I saw your previous post from March, 2002. Still no luck, huh? I assume you're looking for a cookie-type recipe, and the macaroons aren't it. Could you provide us with a little more information about this cookie?


----------



## marmalady (Apr 19, 2001)

Do you mean almond crescents? If so, they're cookies made the same way basically as Russian teacakes/Mexican wedding cakes. Do a google for almond crescents and see what you come up with.


----------



## dneilson (Dec 8, 2009)

Search no furthur, James...I ran across your inquiry by accident. Knew exactly the one you were seeking (humbly speaking :lol: It's a great recipe and worth seeking once you find yourself w/out the recipe). Signed up just to post it. (I temper the chocolate though and don't make them as large for gifting)

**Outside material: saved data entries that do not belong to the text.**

(* For all integers $d\ge1$ and $1\le s\le 2(q-1)$, the following identity holds in $K[t_1,\dots,t_s,z]$: \[ N^{(d+1)}(\chi_1\cdots\chi_s)=\prod_{i=1}^s N^{(d+1)}_i \;-\; [d+1]\,E_{d+1}\sum_{l=q}^{s}(E_d)^{l-q}\sum_{\substack{\alpha\in\{0,1\}^s\\|\alpha|=l}}\ \prod_{i=1}^s \big(N^{(d)}_i\big)^{1-\alpha_i}\big(b^{(d)}_i\big)^{\alpha_i}, \] where all $E_j$ are evaluated at $z$ and the sum over $l$ is empty when $s<q$.
   Context: $A=\mathbb{F}_q[\theta]$, $K=\mathbb{F}_q(\theta)$; $\chi_i:A\to\mathbb{F}_q[t_1,\dots,t_s]$ is the $\mathbb{F}_q$-algebra map with $\theta\mapsto t_i$. $D_j$ is the product of the monic polynomials of degree $j$ in $A$; $A(d)$ is the set of elements of $A$ of degree $<d$ ($A(0)=\{0\}$); $E_d(z)=D_d^{-1}\prod_{a\in A(d)}(z-a)$; $b_d(t)=\prod_{j=0}^{d-1}(t-\theta^{q^j})$; $\ell_d=\prod_{j=1}^{d}(\theta-\theta^{q^j})$; $[d]=\theta^{q^d}-\theta$. For a function $f$ on $A(d)$ with values in $K[t_1,\dots,t_s]$, $N^{(d)}(f)(z)=\sum_{a\in A(d)}f(a)\,\ell_dE_d(z-a)/(z-a)$, the unique polynomial in $z$ of degree $<q^d$ agreeing with $f$ on $A(d)$. Put $N^{(d)}_i=N^{(d)}(\chi_i)$ (which equals $\sum_{j=0}^{d-1}b_j(t_i)E_j(z)$) and $b^{(d)}_i=b_d(t_i)$. For $\alpha\in\{0,1\}^s$, $|\alpha|=\alpha_1+\cdots+\alpha_s$. *)

theory Defs
  imports "HOL-Library.FuncSet" "HOL-Computational_Algebra.Polynomial" "HOL-Computational_Algebra.Fraction_Field"
begin

text \<open>F_q is a finite field type 'a with q = card (UNIV :: 'a set); A = 'a poly (variable theta);
  K = 'a poly fract, the fraction field of A.\<close>

type_synonym 'a KK = "'a poly fract"

definition embA :: "'a::{finite,field} poly \<Rightarrow> 'a KK" where
  "embA a = Fract a 1"

definition theta :: "'a::{finite,field} KK" where
  "theta = embA [:0, 1:]"

definition Aset :: "nat \<Rightarrow> 'a::{finite,field} poly set" where
  "Aset d = {a. a = 0 \<or> degree a < d}"

definition Dprod :: "nat \<Rightarrow> 'a::{finite,field} KK" where
  "Dprod j = (\<Prod>p\<in>{p :: 'a poly. lead_coeff p = 1 \<and> degree p = j}. embA p)"

definition Efun :: "nat \<Rightarrow> 'a::{finite,field} KK \<Rightarrow> 'a KK" where
  "Efun d z = inverse (Dprod d :: 'a KK) * (\<Prod>a\<in>Aset d. z - embA a)"

text \<open>The polynomial E_d(w)/w (exact polynomial quotient, since 0 is in A(d)).\<close>
definition Equot :: "nat \<Rightarrow> 'a::{finite,field} KK \<Rightarrow> 'a KK" where
  "Equot d w = inverse (Dprod d :: 'a KK) * (\<Prod>a\<in>Aset d - {0}. w - embA a)"

definition bfun :: "nat \<Rightarrow> 'a::{finite,field} KK \<Rightarrow> 'a KK" where
  "bfun d t = (\<Prod>j<d. t - theta ^ (card (UNIV :: 'a set) ^ j))"

definition ell :: "nat \<Rightarrow> 'a::{finite,field} KK" where
  "ell d = (\<Prod>j\<in>{1..d}. theta - theta ^ (card (UNIV :: 'a set) ^ j))"

definition bracket :: "nat \<Rightarrow> 'a::{finite,field} KK" where
  "bracket d = theta ^ (card (UNIV :: 'a set) ^ d) - theta"

text \<open>chi_i(a) evaluated at t_i = t: the F_q-algebra map theta \<mapsto> t.\<close>
definition chi :: "'a::{finite,field} KK \<Rightarrow> 'a poly \<Rightarrow> 'a KK" where
  "chi t a = poly (map_poly (\<lambda>c. embA [:c:]) a) t"

definition Nop :: "nat \<Rightarrow> ('a::{finite,field} poly \<Rightarrow> 'a KK) \<Rightarrow> 'a KK \<Rightarrow> 'a KK" where
  "Nop d f z = (\<Sum>a\<in>Aset d. f a * ell d * Equot d (z - embA a))"

end

theory Submission
  imports Defs "HOL-Library.Cardinality"
begin

text \<open>Both sides are polynomials in \<open>z\<close> of degree \<open>< q^(d+1)\<close>, so it suffices that they agree
  on \<open>A(d+1)\<close>. Newton interpolation gives \<open>N_i^(d+1) = N_i^(d) + b_i^(d) E_d\<close>, so the product of
  the \<open>N_i^(d+1)\<close> is a polynomial in \<open>E_d\<close> whose coefficient of \<open>E_d^l\<close> is the inner sum over \<open>\<alpha>\<close>.
  Since \<open>E_d^q = E_d + [d+1] E_(d+1)\<close>, subtracting the correction term replaces each \<open>E_d^l\<close> with
  \<open>l \<ge> q\<close> by \<open>E_d^(l-q+1)\<close>, and because \<open>s \<le> 2(q - 1)\<close> the result has degree \<open>< q^(d+1)\<close>.
  On \<open>A(d+1)\<close> the correction term vanishes with \<open>E_(d+1)\<close> and each \<open>N_i\<close> interpolates \<open>\<chi>_i\<close>,
  so there the right-hand side equals \<open>\<chi>_1 \<cdots> \<chi>_s\<close>.\<close>

section \<open>Polynomial functions\<close>

definition polyfun :: "nat \<Rightarrow> ('b::field \<Rightarrow> 'b) \<Rightarrow> bool" where
  "polyfun n f \<longleftrightarrow> (\<exists>p. degree p \<le> n \<and> f = poly p)"

lemma polyfun_const: "polyfun n (\<lambda>x. c)"
  unfolding polyfun_def by (intro exI[of _ "[:c:]"]) auto

lemma polyfun_id: "polyfun 1 (\<lambda>x. x)"
  unfolding polyfun_def by (intro exI[of _ "[:0, 1:]"]) auto

lemma polyfun_mono: "polyfun m f \<Longrightarrow> m \<le> n \<Longrightarrow> polyfun n f"
  unfolding polyfun_def using order_trans by blast

lemma polyfun_binop:
  assumes "polyfun m f" "polyfun n g"
    and "\<And>p q. degree p \<le> m \<Longrightarrow> degree q \<le> n \<Longrightarrow> degree (h p q) \<le> k"
    and "\<And>p q x. poly (h p q) x = F (poly p x) (poly q x)"
  shows "polyfun k (\<lambda>x. F (f x) (g x))"
proof -
  obtain p q where "degree p \<le> m" "f = poly p" "degree q \<le> n" "g = poly q"
    using assms(1,2) unfolding polyfun_def by blast
  thus ?thesis
    unfolding polyfun_def using assms(3,4) by (intro exI[of _ "h p q"]) auto
qed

Sounds like a wonderful community...I think I'll stay awhile! Enjoy!

*Chocolate-Dipped Almond Horseshoe Cookies* * * * * *

*Author:* Gourmet
*Source:* Gourmet December 1991

2 cups almonds, sliced and very lightly crushed, about 6 ounces 
7 oz almond paste, cut into 1 inch pieces 
1 cup sugar
2 large egg whites 
10 oz bittersweet chocolate, NOT unsweetened, chopped (semisweet chocolate may be used instead) 

1. Preheat oven to 375 degrees.
2. Spray 2 baking sheets with nonstick spray.
3. Spread almonds on rimmed baking sheet.
4. Place almond paste and sugar in processor and process until blended.
5. Add egg whites, 1 at a time, blending well betwwen additions.
6. Spoon dough into pastry bag fitted with plain 5/8-inch-wide tip. Pipe one 6-inch-long log of dough atop almonds on rimmed sheet.
7. Gently roll dough in almonds, coating completely (dough is sticky).
8. Transfer to prepared sheets, bending dough ends to create horseshoe shape with 1 1/2-inch-wide space between ends.
9. Repeat with remaining dough, spacing cookies about 1 inch apart.
10. Bake cookies until golden, about 18 minutes. Transfer to rack and cool.
11. Line another baking sheet with foil. Stir chocolate in medium metal bowl set over saucepan of simmering water until melted and smooth.
12. Dip ends of 1 cookie into chocolate, tilting pan if necessary. Shake cocokie gently to remove excess chocolate.
13. Place cookie, rounded side up, on foil-lined sheet.
14. Repeat with remaining cookies.
15. Refrigerate cookies until chocolate sets, about 30 minutes. 

Yield: 12

Dolores


----------